* [Excerpted records]:
text \<open>Maximality of the boundary condition: pairing with test sequences whose boundary data run
  through the kernel of the boundary map recovers both boundary equations.\<close>
lemma bc_vals_eq_0_if_boundary_terms:
  assumes "\<And>z. z \<in> bc_domain \<Longrightarrow> boundary_term y z 0 = boundary_term y z N"
  shows "bc_vals y 1 = 0" "bc_vals y 2 = 0"
proof -
  have "cnj d1 * bc_vals y 1 + cnj d2 * bc_vals y 2 = 0" for d1 d2
  proof -
    define p1 p2 r1 r2 where "p1 = adjA d1 d2 2" "p2 = - adjA d1 d2 1" "r1 = - adjB d1 d2 2" "r2 = adjB d1 d2 1"
    define z where "z m = (if m = 0 then p1 else if m = 1 then p1 + p2 / of_real (f 0)
      else if m = N then r1 else if m = Suc N then r1 + r2 / of_real (f N) else 0)" for m
    have z_ends: "z 0 = p1" "of_real (f 0) * fwd_diff z 0 = p2" "z N = r1" "of_real (f N) * fwd_diff z N = r2"
      using N_ge_2 f_0_nonzero f_N_nonzero unfolding z_def fwd_diff_def by (auto simp: field_simps)
    have "bc_row A B (z 0) (of_real (f 0) * fwd_diff z 0) (z N) (of_real (f N) * fwd_diff z N) k = 0" for k
      unfolding z_ends p1_p2_r1_r2_def by (rule bc_row_kernel_vec)
    then have "z \<in> bc_domain"
      unfolding bc_domain_def bc_vals_def by (simp add: z_def)
    have "boundary_term y z 0 - boundary_term y z N = - (cnj d1 * bc_vals y 1 + cnj d2 * bc_vals y 2)"
      unfolding boundary_term_symp z_ends p1_p2_r1_r2_def bc_vals_def by (rule symp_kernel_vec)
    then have "- (cnj d1 * bc_vals y 1 + cnj d2 * bc_vals y 2) = 0"
      using assms[OF \<open>z \<in> bc_domain\<close>] by (metis diff_self)
    then show ?thesis
      by (metis neg_equal_0_iff_equal)
  qed
  from this[of 1 0] this[of 0 1] show "bc_vals y 1 = 0" "bc_vals y 2 = 0"
    by simp_all
qed
theorem proposition2:
  fixes c :: real and d :: ereal and J :: "real set"
    and L Lx Ly :: "real \<times> real \<Rightarrow> real"
    and a b \<alpha> \<beta> :: real and \<gamma> :: "real \<Rightarrow> real"
  assumes cd: "ereal c < d"
    and J: "is_interval J" "open J" "J \<noteq> {}"
    and O_def: "Om = {x. c < x \<and> ereal x < d} \<times> J"
    and C1: "C1_on Om L Lx Ly"
    and ab: "a < b"
    and Ly_bdd: "\<exists>M. \<forall>p\<in>Om. \<bar>Ly p\<bar> \<le> M"
    and conv: "convex_L Om L Lx Ly"
    and gam: "\<gamma> \<in> admissible a b \<alpha> \<beta> Om L"
    and EL: "\<forall>t\<in>{a<..b}.
       ((\<lambda>s. Ly (\<gamma> s, dgam a b \<gamma> s)) has_real_derivative Lx (\<gamma> t, dgam a b \<gamma> t))
         (at t within {a<..b})"
  shows "(\<forall>\<eta>\<in>admissible a b \<alpha> \<beta> Om L. action a b L \<gamma> \<le> action a b L \<eta>)
    \<and> (strictly_convex_L Om L Lx Ly \<longrightarrow>
         (\<forall>\<eta>\<in>admissible a b \<alpha> \<beta> Om L. action a b L \<eta> \<le> action a b L \<gamma>
              \<longrightarrow> (\<forall>t\<in>{a..b}. \<eta> t = \<gamma> t)))"
proof -
  obtain M where M: "\<forall>p\<in>Om. \<bar>Ly p\<bar> \<le> M" using Ly_bdd by blast
  have "admissible_variation Om L Lx Ly a b \<alpha> \<beta> \<gamma> \<eta>"
    if "\<eta> \<in> admissible a b \<alpha> \<beta> Om L" for \<eta>
    using C1 gam that EL by unfold_locales
  with admissible_variation.action_le_action[OF _ conv M ab]
    admissible_variation.eq_if_action_le_action[OF _ _ M ab]
  show ?thesis by blast
qed

end
lemma strongly_convex_block_segment:
  assumes "strongly_convex_block c nq Brow bv i h f" "0 \<le> h"
    and "\<forall>q. c q \<noteq> i \<longrightarrow> x $ q \<in> Omega nq Brow bv q \<and> y $ q = x $ q"
    and "0 \<le> t" "t \<le> 1"
  shows "f (x + t *\<^sub>R (y - x)) \<le> (1 - t) * f x + t * f y"
proof -
  have "f ((1 - t) *\<^sub>R x + t *\<^sub>R y) \<le> (1 - t) * f x + t * f y - h / 2 * t * (1 - t) * (norm (x - y))\<^sup>2"
    using assms unfolding strongly_convex_block_def by blast
  moreover have "0 \<le> h / 2 * t * (1 - t) * (norm (x - y))\<^sup>2"
    using assms by simp
  moreover have "(1 - t) *\<^sub>R x + t *\<^sub>R y = x + t *\<^sub>R (y - x)"
    by (simp add: algebra_simps)
  ultimately show ?thesis
    by simp
qed

definition closed_strongly_connected :: "('a \<Rightarrow> 'a \<Rightarrow> real) \<Rightarrow> 'a set \<Rightarrow> bool" where
  "closed_strongly_connected w T \<longleftrightarrow>
     (\<forall>p\<in>T. \<forall>l. w p l \<noteq> 0 \<longrightarrow> l \<in> T) \<and> (\<forall>p\<in>T. \<forall>l\<in>T. (\<lambda>u z. w u z \<noteq> 0)\<^sup>*\<^sup>* p l)"

lemma closed_strongly_connected_fibre:
  assumes "\<forall>p l. w p l \<noteq> 0 \<longrightarrow> c p = c l"
    and "\<forall>p l. c p = c l \<longrightarrow> E\<^sup>*\<^sup>* p l" and "\<forall>u v. E u v \<longrightarrow> w u v \<noteq> 0"
  shows "closed_strongly_connected w {q. c q = c p}"
proof -
  have "E\<^sup>*\<^sup>* \<le> (\<lambda>u v. w u v \<noteq> 0)\<^sup>*\<^sup>*"
    using assms(3) by (intro rtranclp_mono) auto
  with assms(1,2) show ?thesis
    by (auto simp: closed_strongly_connected_def le_fun_def)
qed

lemma laplacian_max_principle:
  fixes v :: "'a::finite \<Rightarrow> real"
  assumes nonneg: "\<forall>p l. 0 \<le> w p l" and T: "closed_strongly_connected w T" and "q \<in> T"
    and harmonic: "\<forall>p\<in>T - {q}. (\<Sum>l\<in>UNIV. w p l * (v p - v l)) = 0"
    and "p \<in> T"
  shows "v p \<le> v q"
proof -
  define M where "M = Max (v ` T)"
  have le_M: "v l \<le> M" if "l \<in> T" for l
    using that by (simp add: M_def)
  have "M \<in> v ` T"
    unfolding M_def using \<open>q \<in> T\<close> by (intro Max_in) auto
  then obtain p0 where p0: "p0 \<in> T" "v p0 = M"
    by blast
  have max_spreads: "z \<in> T \<and> v z = M" if u: "u \<in> T" "v u = M" "u \<noteq> q" and "w u z \<noteq> 0" for u z
  proof -
    have "0 \<le> w u l * (v u - v l)" for l
      using T u nonneg[rule_format, of u l] le_M[of l]
      by (cases "w u l = 0") (auto simp: closed_strongly_connected_def)
    moreover have "(\<Sum>l\<in>UNIV. w u l * (v u - v l)) = 0"
      using harmonic u by blast
    ultimately have "w u z * (v u - v z) = 0"
      by (simp add: sum_nonneg_eq_0_iff)
    with T u \<open>w u z \<noteq> 0\<close> show ?thesis
      by (auto simp: closed_strongly_connected_def)
  qed
  have "v q = M \<or> (z \<in> T \<and> v z = M)" if "(\<lambda>u z. w u z \<noteq> 0)\<^sup>*\<^sup>* p0 z" for z
    using that
  proof (induction rule: rtranclp_induct)
    case base
    then show ?case using p0 by simp
  next
    case (step y z)
    then show ?case using max_spreads by blast
  qed
  moreover have "(\<lambda>u z. w u z \<noteq> 0)\<^sup>*\<^sup>* p0 q"
    using T p0 \<open>q \<in> T\<close> by (simp add: closed_strongly_connected_def)
  ultimately have "v q = M"
    by blast
  with le_M \<open>p \<in> T\<close> show ?thesis
    by simp
qed

lemma laplacian_consensus:
  fixes V :: "'a::finite \<Rightarrow> 'v::euclidean_space"
  assumes nonneg: "\<forall>p l. 0 \<le> w p l" and T: "closed_strongly_connected w T" and "q \<in> T"
    and harmonic: "\<forall>p\<in>T - {q}. (\<Sum>l\<in>UNIV. w p l *\<^sub>R (V p - V l)) = 0"
    and "p \<in> T"
  shows "V p = V q"
proof (rule euclidean_eqI)
  fix b :: 'v assume "b \<in> Basis"
  have "\<forall>p\<in>T - {q}. (\<Sum>l\<in>UNIV. w p l * (\<sigma> * (V p \<bullet> b) - \<sigma> * (V l \<bullet> b))) = 0" for \<sigma>
  proof
    fix p assume "p \<in> T - {q}"
    then have "\<sigma> * ((\<Sum>l\<in>UNIV. w p l *\<^sub>R (V p - V l)) \<bullet> b) = 0"
      using harmonic by simp
    then show "(\<Sum>l\<in>UNIV. w p l * (\<sigma> * (V p \<bullet> b) - \<sigma> * (V l \<bullet> b))) = 0"
      by (simp add: inner_sum_left sum_distrib_left algebra_simps)
  qed
  from laplacian_max_principle[OF nonneg T \<open>q \<in> T\<close> this \<open>p \<in> T\<close>, of 1]
    laplacian_max_principle[OF nonneg T \<open>q \<in> T\<close> this \<open>p \<in> T\<close>, of "-1"]
  show "V p \<bullet> b = V q \<bullet> b"
    by simp
qed

lemma sum_laplacian_eq_0:
  fixes Z :: "'a::finite \<Rightarrow> 'v::real_vector"
  assumes sym: "\<forall>p l. w p l = w l p" and closed: "\<forall>p\<in>T. \<forall>l. w p l \<noteq> 0 \<longrightarrow> l \<in> T"
  shows "(\<Sum>p\<in>T. \<Sum>l\<in>UNIV. w p l *\<^sub>R (Z p - Z l)) = 0"
proof -
  have "(\<Sum>l\<in>UNIV. w p l *\<^sub>R (Z p - Z l)) = (\<Sum>l\<in>T. w p l *\<^sub>R (Z p - Z l))" if "p \<in> T" for p
    by (rule sum.mono_neutral_right) (use closed that in auto)
  moreover have "(\<Sum>p\<in>T. \<Sum>l\<in>T. w p l *\<^sub>R Z l) = (\<Sum>p\<in>T. \<Sum>l\<in>T. w p l *\<^sub>R Z p)"
    by (subst sum.swap) (simp add: sym)
  ultimately show ?thesis
    by (simp add: scaleR_diff_right sum_subtractf)
qed

lemma average_tracking_equilibrium:
  fixes xi zeta grad :: "'a::finite \<Rightarrow> 'v::euclidean_space"
  assumes nonneg: "\<forall>p l. 0 \<le> w p l" and sym: "\<forall>p l. w p l = w l p"
    and T: "closed_strongly_connected w T" and "k \<in> T"
    and agree: "\<forall>p\<in>T. (\<Sum>l\<in>UNIV. w p l *\<^sub>R (xi p - xi l)) = 0"
    and track: "\<forall>p\<in>T. xi p + (\<Sum>l\<in>UNIV. w p l *\<^sub>R (xi p - xi l))
                       + (\<Sum>l\<in>UNIV. w p l *\<^sub>R (zeta p - zeta l)) = grad p"
  shows "real (card T) *\<^sub>R xi k = (\<Sum>p\<in>T. grad p)"
proof -
  have "(\<Sum>p\<in>T. grad p) = (\<Sum>p\<in>T. xi p + (\<Sum>l\<in>UNIV. w p l *\<^sub>R (zeta p - zeta l)))"
    using agree track by (intro sum.cong) auto
  also have "\<dots> = (\<Sum>p\<in>T. xi p) + (\<Sum>p\<in>T. \<Sum>l\<in>UNIV. w p l *\<^sub>R (zeta p - zeta l))"
    by (rule sum.distrib)
  also have "(\<Sum>p\<in>T. \<Sum>l\<in>UNIV. w p l *\<^sub>R (zeta p - zeta l)) = 0"
    using sym T by (intro sum_laplacian_eq_0) (auto simp: closed_strongly_connected_def)
  also have "(\<Sum>p\<in>T. xi p) = (\<Sum>p\<in>T. xi k)"
    using laplacian_consensus[OF nonneg T \<open>k \<in> T\<close>] agree by (intro sum.cong) auto
  finally show ?thesis
    by (simp add: sum_constant_scaleR)
qed

lemma pplus_orthogonal: "pplus v \<bullet> (v - pplus v) = 0"
  unfolding inner_vec_def by (rule sum.neutral) (simp add: pplus_def max_def)
lemma score_matching_identity:
  fixes F V :: "'a \<Rightarrow> 'a" and c :: real
  assumes [measurable]: "F \<in> borel_measurable borel" "V \<in> borel_measurable borel"
    and integrable_error: "integrable lborel (\<lambda>z. P z * (c * (norm (S z - V z))\<^sup>2))"
    and integrable_drift_score: "integrable lborel (\<lambda>z. P z * ((2 *\<^sub>R F z - c *\<^sub>R S z) \<bullet> S z))"
    and integrable_V: "integrable lborel (\<lambda>z. P z * (c * (norm (V z))\<^sup>2))"
    and integrable_F_S: "integrable lborel (\<lambda>z. P z * (F z \<bullet> S z))"
    and integrable_S_V: "integrable lborel (\<lambda>z. P z * (c * (S z \<bullet> V z)))"
    and "integrable (lborel \<Otimes>\<^sub>M lborel)
          (\<lambda>yu. Q (fst yu) * gauss 1 (snd yu) * (snd yu \<bullet> V (M (fst yu) + \<sigma> *\<^sub>R snd yu)))"
    and "integrable (lborel \<Otimes>\<^sub>M lborel)
          (\<lambda>yu. Q (fst yu) * gauss 1 (snd yu) * (snd yu \<bullet> V (M (fst yu))))"
    and "integrable (lborel \<Otimes>\<^sub>M lborel)
          (\<lambda>yu. Q (fst yu) * gauss 1 (snd yu) * (snd yu \<bullet> F (M (fst yu) + \<sigma> *\<^sub>R snd yu)))"
    and "integrable (lborel \<Otimes>\<^sub>M lborel)
          (\<lambda>yu. Q (fst yu) * gauss 1 (snd yu) * (snd yu \<bullet> F (M (fst yu))))"
  shows "(\<integral>z. P z * (c * (norm (S z - V z))\<^sup>2) \<partial>lborel)
           + (\<integral>z. P z * ((2 *\<^sub>R F z - c *\<^sub>R S z) \<bullet> S z) \<partial>lborel)
    = (\<integral>z. P z * (c * (norm (V z))\<^sup>2) \<partial>lborel)
      + 2 * (\<integral>yu. Q (fst yu) * gauss 1 (snd yu)
            * (c * (((1 / \<sigma>) *\<^sub>R snd yu) \<bullet> (V (M (fst yu) + \<sigma> *\<^sub>R snd yu) - V (M (fst yu)))))
          \<partial>(lborel \<Otimes>\<^sub>M lborel))
      - 2 * (\<integral>yu. Q (fst yu) * gauss 1 (snd yu)
            * (((1 / \<sigma>) *\<^sub>R snd yu) \<bullet> (F (M (fst yu) + \<sigma> *\<^sub>R snd yu) - F (M (fst yu))))
          \<partial>(lborel \<Otimes>\<^sub>M lborel))"
proof -
  define J where "J h = (\<integral>yu. Q (fst yu) * gauss 1 (snd yu)
      * (((1 / \<sigma>) *\<^sub>R snd yu) \<bullet> (h (M (fst yu) + \<sigma> *\<^sub>R snd yu) - h (M (fst yu))))
    \<partial>(lborel \<Otimes>\<^sub>M lborel))" for h
  have expand: "P z * (c * (norm (S z - V z))\<^sup>2) + P z * ((2 *\<^sub>R F z - c *\<^sub>R S z) \<bullet> S z)
      = P z * (c * (norm (V z))\<^sup>2) + 2 * (P z * (F z \<bullet> S z)) - 2 * (P z * (c * (S z \<bullet> V z)))" for z
    by (simp add: power2_norm_eq_inner inner_diff_left inner_diff_right inner_commute algebra_simps)
  have S_F: "(\<integral>z. P z * (S z \<bullet> F z) \<partial>lborel) = - J F"
    unfolding J_def by (rule integral_density_score_inner_increment) fact+
  have S_V: "(\<integral>z. P z * (S z \<bullet> V z) \<partial>lborel) = - J V"
    unfolding J_def by (rule integral_density_score_inner_increment) fact+
  have J_V_scaled: "(\<integral>yu. Q (fst yu) * gauss 1 (snd yu)
            * (c * (((1 / \<sigma>) *\<^sub>R snd yu) \<bullet> (V (M (fst yu) + \<sigma> *\<^sub>R snd yu) - V (M (fst yu)))))
          \<partial>(lborel \<Otimes>\<^sub>M lborel)) = c * J V"
    unfolding J_def integral_mult_right_zero[symmetric]
    by (intro Bochner_Integration.integral_cong refl) (simp add: ac_simps)
  have "(\<integral>z. P z * (c * (norm (S z - V z))\<^sup>2) \<partial>lborel)
           + (\<integral>z. P z * ((2 *\<^sub>R F z - c *\<^sub>R S z) \<bullet> S z) \<partial>lborel)
      = (\<integral>z. P z * (c * (norm (V z))\<^sup>2) + 2 * (P z * (F z \<bullet> S z)) - 2 * (P z * (c * (S z \<bullet> V z))) \<partial>lborel)"
    using integrable_error integrable_drift_score by (simp flip: expand)
  also have "\<dots> = (\<integral>z. P z * (c * (norm (V z))\<^sup>2) \<partial>lborel) + 2 * (\<integral>z. P z * (S z \<bullet> F z) \<partial>lborel)
        - 2 * (\<integral>z. c * (P z * (S z \<bullet> V z)) \<partial>lborel)"
    using integrable_V integrable_F_S integrable_S_V by (simp add: inner_commute mult.left_commute[of c])
  also have "\<dots> = (\<integral>z. P z * (c * (norm (V z))\<^sup>2) \<partial>lborel) + 2 * (c * J V) - 2 * J F"
    by (simp add: S_F S_V)
  finally show ?thesis
    unfolding J_V_scaled J_def .
qed

end

lemma marg_measurable:
  assumes "q0 \<in> borel_measurable borel"
    and "\<And>k. k < n \<Longrightarrow> (\<lambda>z. f z (t k)) \<in> borel_measurable borel"
  shows "marg q0 f g t n \<in> borel_measurable borel"
  using assms(2)
proof (induction n)
  case 0
  with assms(1) show ?case by simp
next
  case (Suc n)
  then have [measurable]: "marg q0 f g t n \<in> borel_measurable borel"
    "(\<lambda>z. f z (t n)) \<in> borel_measurable borel"
    by auto
  show ?case
    unfolding marg.simps em_mu_def by measurable
qed

lemma marg_nonneg:
  assumes "\<And>z. 0 \<le> q0 z" and "\<And>k. k < n \<Longrightarrow> 0 \<le> em_sigma g t k"
  shows "0 \<le> marg q0 f g t n z"
  using assms(2)
proof (induction n arbitrary: z)
  case 0
  with assms(1) show ?case by simp
next
  case (Suc n)
  then show ?case
    by (auto intro!: Bochner_Integration.integral_nonneg mult_nonneg_nonneg gauss_nonneg)
qed

lemma gauss_mixture_marg:
  assumes "q0 \<in> borel_measurable borel" and "\<And>z. 0 \<le> q0 z"
    and f_measurable: "\<And>k. k \<le> n \<Longrightarrow> (\<lambda>z. f z (t k)) \<in> borel_measurable borel"
    and sigma_pos: "\<And>k. k \<le> n \<Longrightarrow> 0 < em_sigma g t k"
    and "\<And>z. GDERIV (\<lambda>w. ln (marg q0 f g t (Suc n) w)) z :> S z"
    and "\<And>z. integrable lborel (\<lambda>y. (gauss (em_sigma g t n) (z - em_mu f t n y) * marg q0 f g t n y)
            *\<^sub>R (- (1 / (em_sigma g t n)\<^sup>2) *\<^sub>R (z - em_mu f t n y)))
      \<and> GDERIV (marg q0 f g t (Suc n)) z :> (\<integral>y. (gauss (em_sigma g t n) (z - em_mu f t n y) * marg q0 f g t n y)
            *\<^sub>R (- (1 / (em_sigma g t n)\<^sup>2) *\<^sub>R (z - em_mu f t n y)) \<partial>lborel)"
  shows "gauss_mixture (marg q0 f g t n) (em_mu f t n) (em_sigma g t n) (marg q0 f g t (Suc n)) S"
proof
  have [measurable]: "(\<lambda>z. f z (t n)) \<in> borel_measurable borel"
    using f_measurable by simp
  show "em_mu f t n \<in> borel_measurable borel"
    unfolding em_mu_def by measurable
  show "marg q0 f g t n \<in> borel_measurable borel"
    using assms(1) f_measurable by (intro marg_measurable) auto
  show "0 \<le> marg q0 f g t n y" for y
    using assms(2) sigma_pos by (intro marg_nonneg) (auto intro: less_imp_le)
qed (use assms in auto)

lemma averaged_step_identity:
  fixes a b c j k :: "nat \<Rightarrow> real"
  assumes "\<And>n. n \<in> I \<Longrightarrow> a n + b n = c n + 2 * j n - 2 * k n"
  shows "E + 1/2 * (sum a I / N) + 1/2 * (sum b I / N)
    = E + 1/2 * (sum c I / N) + sum j I / N - sum k I / N"
proof -
  have "sum a I + sum b I = sum c I + 2 * sum j I - 2 * sum k I"
    using assms by (simp add: sum_subtractf[symmetric] sum.distrib[symmetric] sum_distrib_left)
  then have "(sum a I + sum b I) / (2 * N) = (sum c I + 2 * sum j I - 2 * sum k I) / (2 * N)"
    by simp
  then show ?thesis
    by (simp add: add_divide_distrib diff_divide_distrib)
qed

* [About this task]: The required output is the stretch of entries above from the line containing "unfolding z_ends p1_p2_r1_r2_def" through the line containing "unfolding boundary_term_symp z_ends", reproduced exactly.

* [Final answer]:
      unfolding z_ends p1_p2_r1_r2_def by (rule bc_row_kernel_vec)
    then have "z \<in> bc_domain"
      unfolding bc_domain_def bc_vals_def by (simp add: z_def)
    have "boundary_term y z 0 - boundary_term y z N = - (cnj d1 * bc_vals y 1 + cnj d2 * bc_vals y 2)"
      unfolding boundary_term_symp z_ends p1_p2_r1_r2_def bc_vals_def by (rule symp_kernel_vec)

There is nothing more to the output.